* TO DO
Going through the entries below, tally the lines that hold the word "fixes" and state the result alone.
BEGIN RECORDS FOR THIS EXERCISE
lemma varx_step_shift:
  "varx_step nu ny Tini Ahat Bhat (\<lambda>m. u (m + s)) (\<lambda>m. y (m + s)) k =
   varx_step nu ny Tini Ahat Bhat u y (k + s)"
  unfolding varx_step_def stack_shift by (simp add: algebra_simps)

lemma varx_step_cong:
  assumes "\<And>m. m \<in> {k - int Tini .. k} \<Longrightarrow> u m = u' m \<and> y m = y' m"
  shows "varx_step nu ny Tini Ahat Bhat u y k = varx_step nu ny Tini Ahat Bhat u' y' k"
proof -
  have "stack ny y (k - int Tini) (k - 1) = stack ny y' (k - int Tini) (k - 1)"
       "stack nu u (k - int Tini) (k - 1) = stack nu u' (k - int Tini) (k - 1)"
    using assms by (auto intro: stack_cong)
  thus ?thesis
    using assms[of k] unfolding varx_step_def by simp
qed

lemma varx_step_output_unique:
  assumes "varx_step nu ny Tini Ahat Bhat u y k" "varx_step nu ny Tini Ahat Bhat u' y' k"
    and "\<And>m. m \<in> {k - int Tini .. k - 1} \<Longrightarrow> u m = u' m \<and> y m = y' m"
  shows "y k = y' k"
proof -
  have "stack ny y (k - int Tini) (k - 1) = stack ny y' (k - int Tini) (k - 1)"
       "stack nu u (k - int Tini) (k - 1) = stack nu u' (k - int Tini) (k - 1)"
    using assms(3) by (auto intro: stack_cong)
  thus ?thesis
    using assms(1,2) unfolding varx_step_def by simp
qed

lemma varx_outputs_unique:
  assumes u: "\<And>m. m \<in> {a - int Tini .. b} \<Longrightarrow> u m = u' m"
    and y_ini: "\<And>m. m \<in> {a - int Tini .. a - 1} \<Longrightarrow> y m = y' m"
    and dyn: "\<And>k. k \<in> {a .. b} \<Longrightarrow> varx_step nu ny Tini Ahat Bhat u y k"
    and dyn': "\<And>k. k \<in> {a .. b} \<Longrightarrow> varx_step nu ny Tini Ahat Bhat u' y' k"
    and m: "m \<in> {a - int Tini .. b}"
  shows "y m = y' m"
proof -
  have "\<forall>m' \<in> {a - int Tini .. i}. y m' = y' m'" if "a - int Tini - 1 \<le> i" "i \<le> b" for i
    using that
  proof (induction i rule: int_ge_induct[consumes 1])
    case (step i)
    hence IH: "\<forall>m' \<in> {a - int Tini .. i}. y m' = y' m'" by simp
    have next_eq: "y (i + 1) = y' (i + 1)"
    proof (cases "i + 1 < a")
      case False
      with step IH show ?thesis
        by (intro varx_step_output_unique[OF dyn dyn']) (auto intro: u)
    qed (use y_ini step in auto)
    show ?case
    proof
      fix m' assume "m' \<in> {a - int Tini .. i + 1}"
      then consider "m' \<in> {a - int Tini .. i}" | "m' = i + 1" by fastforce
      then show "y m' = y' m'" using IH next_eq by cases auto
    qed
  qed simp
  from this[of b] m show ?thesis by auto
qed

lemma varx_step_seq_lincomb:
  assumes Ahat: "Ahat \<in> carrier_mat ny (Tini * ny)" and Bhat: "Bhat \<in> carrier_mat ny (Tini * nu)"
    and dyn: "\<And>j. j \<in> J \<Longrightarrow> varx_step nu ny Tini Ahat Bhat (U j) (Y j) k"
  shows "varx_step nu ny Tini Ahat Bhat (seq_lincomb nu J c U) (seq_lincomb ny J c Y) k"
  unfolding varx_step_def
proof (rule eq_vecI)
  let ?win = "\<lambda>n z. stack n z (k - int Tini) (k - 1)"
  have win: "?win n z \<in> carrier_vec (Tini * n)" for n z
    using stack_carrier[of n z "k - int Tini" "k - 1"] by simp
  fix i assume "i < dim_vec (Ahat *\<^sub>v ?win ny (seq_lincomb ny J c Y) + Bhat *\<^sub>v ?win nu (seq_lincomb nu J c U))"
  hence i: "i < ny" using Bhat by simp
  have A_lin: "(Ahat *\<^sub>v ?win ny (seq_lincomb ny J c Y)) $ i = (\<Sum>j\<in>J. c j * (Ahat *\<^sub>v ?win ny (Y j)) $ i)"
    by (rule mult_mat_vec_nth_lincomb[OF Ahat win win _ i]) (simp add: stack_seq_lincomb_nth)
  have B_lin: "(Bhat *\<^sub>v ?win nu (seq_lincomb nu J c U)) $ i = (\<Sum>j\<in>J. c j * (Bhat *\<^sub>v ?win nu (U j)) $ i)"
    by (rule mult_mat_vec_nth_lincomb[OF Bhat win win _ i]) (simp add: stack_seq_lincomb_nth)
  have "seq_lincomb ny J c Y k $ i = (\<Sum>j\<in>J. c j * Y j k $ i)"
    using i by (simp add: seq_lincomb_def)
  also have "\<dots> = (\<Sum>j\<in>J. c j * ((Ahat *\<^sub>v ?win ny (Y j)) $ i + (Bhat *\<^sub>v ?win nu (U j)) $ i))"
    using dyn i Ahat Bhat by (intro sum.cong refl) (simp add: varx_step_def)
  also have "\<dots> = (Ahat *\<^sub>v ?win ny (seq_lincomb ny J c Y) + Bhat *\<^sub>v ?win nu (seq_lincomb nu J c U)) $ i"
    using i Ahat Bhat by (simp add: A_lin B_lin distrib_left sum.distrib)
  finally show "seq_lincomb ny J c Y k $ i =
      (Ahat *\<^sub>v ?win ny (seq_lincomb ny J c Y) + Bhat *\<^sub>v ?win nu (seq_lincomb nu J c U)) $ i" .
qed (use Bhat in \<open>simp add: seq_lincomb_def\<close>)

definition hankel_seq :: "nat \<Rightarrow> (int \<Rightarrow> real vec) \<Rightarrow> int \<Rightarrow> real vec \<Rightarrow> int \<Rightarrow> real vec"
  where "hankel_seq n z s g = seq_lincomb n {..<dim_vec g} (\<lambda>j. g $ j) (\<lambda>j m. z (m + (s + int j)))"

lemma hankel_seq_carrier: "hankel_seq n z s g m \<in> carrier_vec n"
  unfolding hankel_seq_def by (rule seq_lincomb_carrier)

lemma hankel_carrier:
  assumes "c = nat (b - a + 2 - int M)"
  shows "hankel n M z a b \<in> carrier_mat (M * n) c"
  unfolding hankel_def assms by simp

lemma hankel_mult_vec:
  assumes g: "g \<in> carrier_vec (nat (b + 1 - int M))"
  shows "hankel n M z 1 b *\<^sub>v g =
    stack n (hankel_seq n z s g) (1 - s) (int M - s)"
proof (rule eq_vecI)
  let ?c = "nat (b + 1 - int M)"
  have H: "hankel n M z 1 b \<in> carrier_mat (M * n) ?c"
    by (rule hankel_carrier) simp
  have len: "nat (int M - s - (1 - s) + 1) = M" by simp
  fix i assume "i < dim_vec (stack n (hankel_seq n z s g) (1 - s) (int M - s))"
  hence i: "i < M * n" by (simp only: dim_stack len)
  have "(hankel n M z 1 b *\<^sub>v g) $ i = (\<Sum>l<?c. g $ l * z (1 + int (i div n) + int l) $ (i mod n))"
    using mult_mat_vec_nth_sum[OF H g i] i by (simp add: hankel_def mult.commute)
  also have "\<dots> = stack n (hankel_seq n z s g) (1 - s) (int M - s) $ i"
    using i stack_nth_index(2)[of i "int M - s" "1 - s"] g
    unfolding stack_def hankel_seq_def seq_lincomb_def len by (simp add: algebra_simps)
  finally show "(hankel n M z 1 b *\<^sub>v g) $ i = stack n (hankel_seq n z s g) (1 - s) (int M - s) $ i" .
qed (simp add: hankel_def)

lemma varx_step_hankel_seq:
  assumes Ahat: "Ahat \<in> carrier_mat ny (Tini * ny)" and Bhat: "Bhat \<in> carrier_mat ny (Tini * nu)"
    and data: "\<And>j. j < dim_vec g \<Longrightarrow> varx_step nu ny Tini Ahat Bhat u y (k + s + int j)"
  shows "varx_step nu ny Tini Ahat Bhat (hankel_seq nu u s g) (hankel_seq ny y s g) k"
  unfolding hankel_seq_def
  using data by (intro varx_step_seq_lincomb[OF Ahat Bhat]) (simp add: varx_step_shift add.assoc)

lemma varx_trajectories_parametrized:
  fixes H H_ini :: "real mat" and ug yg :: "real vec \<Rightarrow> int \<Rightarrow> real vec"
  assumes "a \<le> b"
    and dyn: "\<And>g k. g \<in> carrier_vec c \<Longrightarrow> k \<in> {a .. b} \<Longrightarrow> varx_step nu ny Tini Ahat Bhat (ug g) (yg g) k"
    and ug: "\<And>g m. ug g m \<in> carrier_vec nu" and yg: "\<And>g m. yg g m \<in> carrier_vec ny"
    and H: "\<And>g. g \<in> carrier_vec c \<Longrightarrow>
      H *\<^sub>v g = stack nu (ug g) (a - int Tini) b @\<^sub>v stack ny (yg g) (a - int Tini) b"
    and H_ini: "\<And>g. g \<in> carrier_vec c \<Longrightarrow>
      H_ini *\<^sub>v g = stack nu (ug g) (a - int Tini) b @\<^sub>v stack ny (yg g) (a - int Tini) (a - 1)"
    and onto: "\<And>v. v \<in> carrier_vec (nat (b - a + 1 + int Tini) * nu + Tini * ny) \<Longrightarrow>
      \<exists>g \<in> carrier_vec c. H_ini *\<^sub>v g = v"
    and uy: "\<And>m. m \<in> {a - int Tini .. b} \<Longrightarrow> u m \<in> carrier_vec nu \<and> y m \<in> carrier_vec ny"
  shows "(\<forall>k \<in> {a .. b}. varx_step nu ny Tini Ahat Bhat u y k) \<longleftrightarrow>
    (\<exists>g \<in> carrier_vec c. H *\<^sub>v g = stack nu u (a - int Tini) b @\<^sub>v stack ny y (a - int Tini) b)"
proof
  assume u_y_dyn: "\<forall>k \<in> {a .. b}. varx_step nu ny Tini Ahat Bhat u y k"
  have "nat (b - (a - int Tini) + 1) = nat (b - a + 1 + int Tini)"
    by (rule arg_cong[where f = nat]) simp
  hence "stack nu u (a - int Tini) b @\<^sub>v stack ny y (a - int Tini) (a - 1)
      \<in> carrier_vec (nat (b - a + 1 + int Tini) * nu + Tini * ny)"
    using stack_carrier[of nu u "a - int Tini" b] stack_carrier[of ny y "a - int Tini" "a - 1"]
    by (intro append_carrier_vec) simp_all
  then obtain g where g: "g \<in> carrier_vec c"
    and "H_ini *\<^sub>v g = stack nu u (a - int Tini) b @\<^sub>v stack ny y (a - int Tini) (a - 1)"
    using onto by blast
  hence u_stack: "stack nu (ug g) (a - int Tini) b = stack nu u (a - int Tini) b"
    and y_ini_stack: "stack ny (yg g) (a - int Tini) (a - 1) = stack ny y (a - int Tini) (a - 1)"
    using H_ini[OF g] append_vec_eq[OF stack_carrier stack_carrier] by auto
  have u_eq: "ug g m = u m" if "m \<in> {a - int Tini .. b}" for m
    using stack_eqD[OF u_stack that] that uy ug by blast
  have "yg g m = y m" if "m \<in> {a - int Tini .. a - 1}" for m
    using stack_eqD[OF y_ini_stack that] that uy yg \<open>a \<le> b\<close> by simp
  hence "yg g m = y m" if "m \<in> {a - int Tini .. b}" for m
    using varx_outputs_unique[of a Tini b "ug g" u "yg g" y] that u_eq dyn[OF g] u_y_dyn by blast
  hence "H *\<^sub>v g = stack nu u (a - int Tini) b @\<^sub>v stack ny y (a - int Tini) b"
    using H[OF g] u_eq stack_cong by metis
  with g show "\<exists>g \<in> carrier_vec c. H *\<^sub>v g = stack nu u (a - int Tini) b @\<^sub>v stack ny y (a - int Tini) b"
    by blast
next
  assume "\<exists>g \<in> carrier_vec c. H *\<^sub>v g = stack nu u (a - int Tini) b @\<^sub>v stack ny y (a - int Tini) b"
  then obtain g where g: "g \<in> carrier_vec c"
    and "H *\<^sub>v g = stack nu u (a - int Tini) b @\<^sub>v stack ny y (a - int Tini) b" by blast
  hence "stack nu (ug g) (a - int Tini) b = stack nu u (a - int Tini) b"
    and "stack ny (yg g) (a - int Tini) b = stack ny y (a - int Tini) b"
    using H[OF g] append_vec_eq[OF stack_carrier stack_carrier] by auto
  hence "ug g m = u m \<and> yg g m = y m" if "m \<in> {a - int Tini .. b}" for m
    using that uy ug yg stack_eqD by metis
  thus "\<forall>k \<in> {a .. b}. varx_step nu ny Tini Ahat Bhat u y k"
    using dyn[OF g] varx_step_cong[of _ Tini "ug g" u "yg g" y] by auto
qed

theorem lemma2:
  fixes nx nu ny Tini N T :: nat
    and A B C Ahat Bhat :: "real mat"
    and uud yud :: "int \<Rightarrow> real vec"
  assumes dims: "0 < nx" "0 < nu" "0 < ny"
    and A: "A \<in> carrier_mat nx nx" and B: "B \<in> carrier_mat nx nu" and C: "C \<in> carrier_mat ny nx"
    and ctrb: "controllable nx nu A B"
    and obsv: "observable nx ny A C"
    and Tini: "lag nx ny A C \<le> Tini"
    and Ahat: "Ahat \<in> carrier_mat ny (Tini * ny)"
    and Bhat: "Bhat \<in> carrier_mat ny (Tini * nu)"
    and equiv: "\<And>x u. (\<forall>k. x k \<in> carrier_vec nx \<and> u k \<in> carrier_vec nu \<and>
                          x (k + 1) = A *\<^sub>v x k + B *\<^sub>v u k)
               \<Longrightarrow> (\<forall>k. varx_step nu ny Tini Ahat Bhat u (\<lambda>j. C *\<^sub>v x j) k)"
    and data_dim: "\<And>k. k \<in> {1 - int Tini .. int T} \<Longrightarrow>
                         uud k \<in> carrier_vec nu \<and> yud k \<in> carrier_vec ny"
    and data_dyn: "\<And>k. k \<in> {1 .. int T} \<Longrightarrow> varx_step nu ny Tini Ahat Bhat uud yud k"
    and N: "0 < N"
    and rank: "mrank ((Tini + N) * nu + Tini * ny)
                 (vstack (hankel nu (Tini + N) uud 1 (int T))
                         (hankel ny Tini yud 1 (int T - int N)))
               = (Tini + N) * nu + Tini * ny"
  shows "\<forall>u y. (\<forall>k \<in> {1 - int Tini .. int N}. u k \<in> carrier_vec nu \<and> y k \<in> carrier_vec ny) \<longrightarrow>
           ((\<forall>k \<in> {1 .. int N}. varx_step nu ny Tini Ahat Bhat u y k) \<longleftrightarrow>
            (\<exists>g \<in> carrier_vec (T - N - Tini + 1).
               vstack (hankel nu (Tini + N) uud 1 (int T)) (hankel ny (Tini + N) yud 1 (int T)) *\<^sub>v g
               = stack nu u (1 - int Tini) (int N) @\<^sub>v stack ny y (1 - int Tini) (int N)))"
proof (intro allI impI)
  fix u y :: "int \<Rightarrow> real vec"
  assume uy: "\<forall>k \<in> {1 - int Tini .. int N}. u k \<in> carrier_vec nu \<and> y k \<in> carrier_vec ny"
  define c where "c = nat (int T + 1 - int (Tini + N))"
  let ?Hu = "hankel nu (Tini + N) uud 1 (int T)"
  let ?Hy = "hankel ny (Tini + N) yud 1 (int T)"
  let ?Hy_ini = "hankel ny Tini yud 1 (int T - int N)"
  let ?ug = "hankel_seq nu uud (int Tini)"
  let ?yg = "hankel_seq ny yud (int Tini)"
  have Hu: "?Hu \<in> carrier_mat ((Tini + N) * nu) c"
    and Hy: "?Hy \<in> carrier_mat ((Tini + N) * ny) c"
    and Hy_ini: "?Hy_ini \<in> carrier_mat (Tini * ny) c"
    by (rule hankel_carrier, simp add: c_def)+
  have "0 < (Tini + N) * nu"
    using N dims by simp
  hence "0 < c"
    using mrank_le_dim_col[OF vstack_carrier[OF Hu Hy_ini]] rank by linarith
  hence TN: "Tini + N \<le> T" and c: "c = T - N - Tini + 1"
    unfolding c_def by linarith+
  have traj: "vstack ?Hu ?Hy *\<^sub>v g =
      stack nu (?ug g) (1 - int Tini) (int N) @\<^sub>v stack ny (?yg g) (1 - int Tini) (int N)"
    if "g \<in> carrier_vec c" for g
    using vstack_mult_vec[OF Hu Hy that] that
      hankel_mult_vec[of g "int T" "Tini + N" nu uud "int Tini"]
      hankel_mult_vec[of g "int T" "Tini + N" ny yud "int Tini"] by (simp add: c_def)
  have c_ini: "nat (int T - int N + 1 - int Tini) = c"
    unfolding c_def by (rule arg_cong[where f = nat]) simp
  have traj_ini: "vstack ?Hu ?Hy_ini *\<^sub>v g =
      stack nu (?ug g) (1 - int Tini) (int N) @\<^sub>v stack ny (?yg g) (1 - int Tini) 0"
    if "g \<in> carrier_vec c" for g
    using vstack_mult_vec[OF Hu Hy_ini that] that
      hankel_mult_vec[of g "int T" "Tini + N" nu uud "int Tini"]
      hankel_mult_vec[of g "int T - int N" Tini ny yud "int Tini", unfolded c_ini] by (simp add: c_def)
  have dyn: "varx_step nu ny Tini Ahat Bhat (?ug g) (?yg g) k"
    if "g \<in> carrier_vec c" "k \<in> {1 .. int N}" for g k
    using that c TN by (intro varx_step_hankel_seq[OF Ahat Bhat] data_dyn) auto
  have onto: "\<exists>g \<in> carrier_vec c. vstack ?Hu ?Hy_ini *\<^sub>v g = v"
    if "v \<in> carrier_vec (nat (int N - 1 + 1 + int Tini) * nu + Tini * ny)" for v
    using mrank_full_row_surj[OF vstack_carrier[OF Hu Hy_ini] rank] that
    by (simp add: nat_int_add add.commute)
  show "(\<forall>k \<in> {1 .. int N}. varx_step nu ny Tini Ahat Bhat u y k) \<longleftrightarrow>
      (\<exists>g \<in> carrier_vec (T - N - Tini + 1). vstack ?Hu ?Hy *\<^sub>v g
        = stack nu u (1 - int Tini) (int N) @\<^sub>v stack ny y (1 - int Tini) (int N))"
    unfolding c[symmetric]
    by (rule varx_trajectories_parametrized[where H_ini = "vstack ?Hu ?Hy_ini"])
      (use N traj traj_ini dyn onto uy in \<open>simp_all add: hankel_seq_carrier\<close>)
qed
END RECORDS FOR THIS EXERCISE
* SOLUTION TO THIS TASK
2